As the road toll began its upward spiral last year, the government brought together Victoria Police, the Transport Accident Commission, VicRoads (now the Department of Transport), RACV and other road experts to look at possible causes. It sent road experts to country Victoria, where locals were dying on local roads, and held eight regional community forums across the state.
The road-safety specialists all found that drugs and alcohol, driver distraction, the use of smart phones, speed, road standards and driver attitude had an impact.
“We think we can go a little bit faster, quickly check a map on the phone, have a little bit to drink, and that [a crash] won’t happen to us,” says Emily. “But it does happen to ordinary people every day.”
RACV's senior manager of transport, planning and infrastructure Peter Kartsidimas says distraction is a significant road-safety risk which has been identified as a factor in at least 16 per cent of serious crashes on Australian roads.
“Given that handheld mobile-phone use has been shown to significantly increase drivers’ crash risk and is labelled as a high-risk interaction, RACV is encouraging the government to pilot and implement mobile-phone detection cameras to deter driver distraction as a result of mobile-phone use,” he says.
This technology is already in place across New South Wales, he says, and RACV believes Victorians would benefit from the introduction of similar technology on our roads.
Peter says apart from rethinking speed limits, authorities needed to reconsider how they deal with lead-foot offenders.

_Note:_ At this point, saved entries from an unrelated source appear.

(* Let $f:X\to Y$ be a continuous map between metric spaces, with $X$ complete. If $f$ has the bounded path-lifting property for every rectifiable path $p:[0,1]\to Y$, then $f$ has the continuation property for every rectifiable path $p:[0,1]\to Y$. Consequently, if in addition $Y$ is path-connected and locally $\mathcal R$-contractible and $f$ is a local homeomorphism, then $f$ is a covering projection.
   Context: Length of a path $p:[a,b]\to Y$: $\ell(p)=\sup\sum_{i}d(p(t_i),p(t_{i+1}))$ over partitions of $[a,b]$; $p$ is rectifiable if $\ell(p)<\infty$. $\mathcal R$ denotes the family of all rectifiable paths $[0,1]\to Y$. $Y$ is locally $\mathcal R$-contractible if every $y_0\in Y$ has an open neighborhood $U$ with a continuous homotopy $H:U\times[0,1]\to U$ such that $H(y_0,t)=y_0$ for all $t$, $H(y,0)=y_0$, $H(y,1)=y$ for all $y\in U$, and each path $t\mapsto H(y,t)$ is rectifiable. For non-isolated $x\in X$, $D_x^-f=\liminf_{z\to x,\,z\neq x}\frac{d(f(z),f(x))}{d(z,x)}$; $X$ is assumed to have no isolated points. $f$ has the continuation property for $p:[0,1]\to Y$ if for every $b\in(0,1]$ and every continuous $q:[0,b)\to X$ with $f\circ q=p$ on $[0,b)$ there is a sequence $t_n\to b$ in $[0,b)$ with $(q(t_n))$ convergent in $X$. $f$ has the bounded path-lifting property for $p:[0,1]\to Y$ if for every $b\in(0,1]$ and every continuous $q:[0,b)\to X$ with $f\circ q=p$ on $[0,b)$ there exists $\alpha>0$ with $\inf\{D_x^-f:x\in\operatorname{Im}q\}\ge\alpha$. *)

theory Defs
  imports "HOL-Analysis.Analysis"
begin

definition partition_sums :: "(real \<Rightarrow> 'b::metric_space) \<Rightarrow> real \<Rightarrow> real \<Rightarrow> real set" where
  "partition_sums p a b =
     {(\<Sum>i<n. dist (p (t i)) (p (t (Suc i)))) | t n.
        t 0 = a \<and> t n = b \<and> (\<forall>i<n. t i \<le> t (Suc i))}"

definition path_length :: "(real \<Rightarrow> 'b::metric_space) \<Rightarrow> real \<Rightarrow> real \<Rightarrow> ereal" where
  "path_length p a b = (SUP s \<in> partition_sums p a b. ereal s)"

definition rectifiable_path :: "(real \<Rightarrow> 'b::metric_space) \<Rightarrow> bool" where
  "rectifiable_path p \<longleftrightarrow> path p \<and> path_length p 0 1 < \<infinity>"

definition lower_deriv :: "('a::metric_space \<Rightarrow> 'b::metric_space) \<Rightarrow> 'a \<Rightarrow> ereal" where
  "lower_deriv f x = Liminf (at x) (\<lambda>z. ereal (dist (f z) (f x) / dist z x))"

definition continuation_property ::
  "('a::metric_space \<Rightarrow> 'b::metric_space) \<Rightarrow> (real \<Rightarrow> 'b) \<Rightarrow> bool" where
  "continuation_property f p \<longleftrightarrow>
     (\<forall>b \<in> {0<..1}. \<forall>q. continuous_on {0..<b} q \<and> (\<forall>t \<in> {0..<b}. f (q t) = p t) \<longrightarrow>
        (\<exists>tn. (\<forall>n. tn n \<in> {0..<b}) \<and> tn \<longlonglongrightarrow> b \<and> convergent (\<lambda>n. q (tn n))))"

definition bounded_path_lifting ::
  "('a::metric_space \<Rightarrow> 'b::metric_space) \<Rightarrow> (real \<Rightarrow> 'b) \<Rightarrow> bool" where
  "bounded_path_lifting f p \<longleftrightarrow>
     (\<forall>b \<in> {0<..1}. \<forall>q. continuous_on {0..<b} q \<and> (\<forall>t \<in> {0..<b}. f (q t) = p t) \<longrightarrow>
        (\<exists>\<alpha>>0. (INF x \<in> q ` {0..<b}. lower_deriv f x) \<ge> ereal \<alpha>))"

definition locally_R_contractible :: "'b::metric_space set \<Rightarrow> bool" where
  "locally_R_contractible Y \<longleftrightarrow>
     (\<forall>y0 \<in> Y. \<exists>U H. open U \<and> U \<subseteq> Y \<and> y0 \<in> U \<and>
        continuous_on (U \<times> {0..1}) H \<and> H ` (U \<times> {0..1}) \<subseteq> U \<and>
        (\<forall>t \<in> {0..1}. H (y0, t) = y0) \<and>
        (\<forall>y \<in> U. H (y, 0) = y0 \<and> H (y, 1) = y) \<and>
        (\<forall>y \<in> U. rectifiable_path (\<lambda>t. H (y, t))))"

definition local_homeomorphism :: "('a::topological_space \<Rightarrow> 'b::topological_space) \<Rightarrow> bool" where
  "local_homeomorphism f \<longleftrightarrow>
     (\<forall>x. \<exists>T U g. x \<in> T \<and> open T \<and> open U \<and> homeomorphism T U f g)"

end

theory Submission
  imports Defs
begin

(* If D\<^sup>- f \<ge> \<alpha> > 0 along a lift q of a rectifiable path p, a real-induction argument bounds
   \<alpha> * d(q s, q t) by the length of p on [s, t].  Since the length of p from 0 converges as t
   tends to b, q(t) is Cauchy and converges in the complete space X.
   For the covering statement, the continuation property lets a lift on [0, \<tau>) be pushed
   through a sheet of f beyond \<tau>, so every rectifiable path lifts.  Over a neighbourhood U of y0
   with a rectifiable contraction H, lifting the paths H(y, -) from the points over y0 gives
   continuous sections of f over U; their images are disjoint open sheets covering f\<^sup>-\<^sup>1 U.
   Surjectivity follows because the image of f is open and, by the same lifting, closed. *)

lemma dist_in_partition_sums: "a \<le> b \<Longrightarrow> dist (p a) (p b) \<in> partition_sums p a b"
  unfolding partition_sums_def
  by (rule CollectI, rule exI[of _ "\<lambda>i. if i = 0 then a else b"], rule exI[of _ 1]) auto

“RACV believes the demerit points system in Victoria should be reviewed in light of reforms a number of years ago in South Australia that resulted in the fine for low-level speeding being decreased from $260 to $155, and the demerit points being increased from one to two points for each offence,” Peter says.
This, he says, sends a clear message to the community that speed enforcement is about safety and not revenue raising, while reinforcing that any speed above the posted speed limit is unacceptable.
Repeat speeding offenders should be slowed down by having speed-limiting technology devices fitted to their cars as well undergoing behavioural programs, he says.
This technology has been successful overseas and the European Commission, the executive arm of the European Union, is making the devices mandatory for all newly manufactured light vehicles starting in 2022, he says.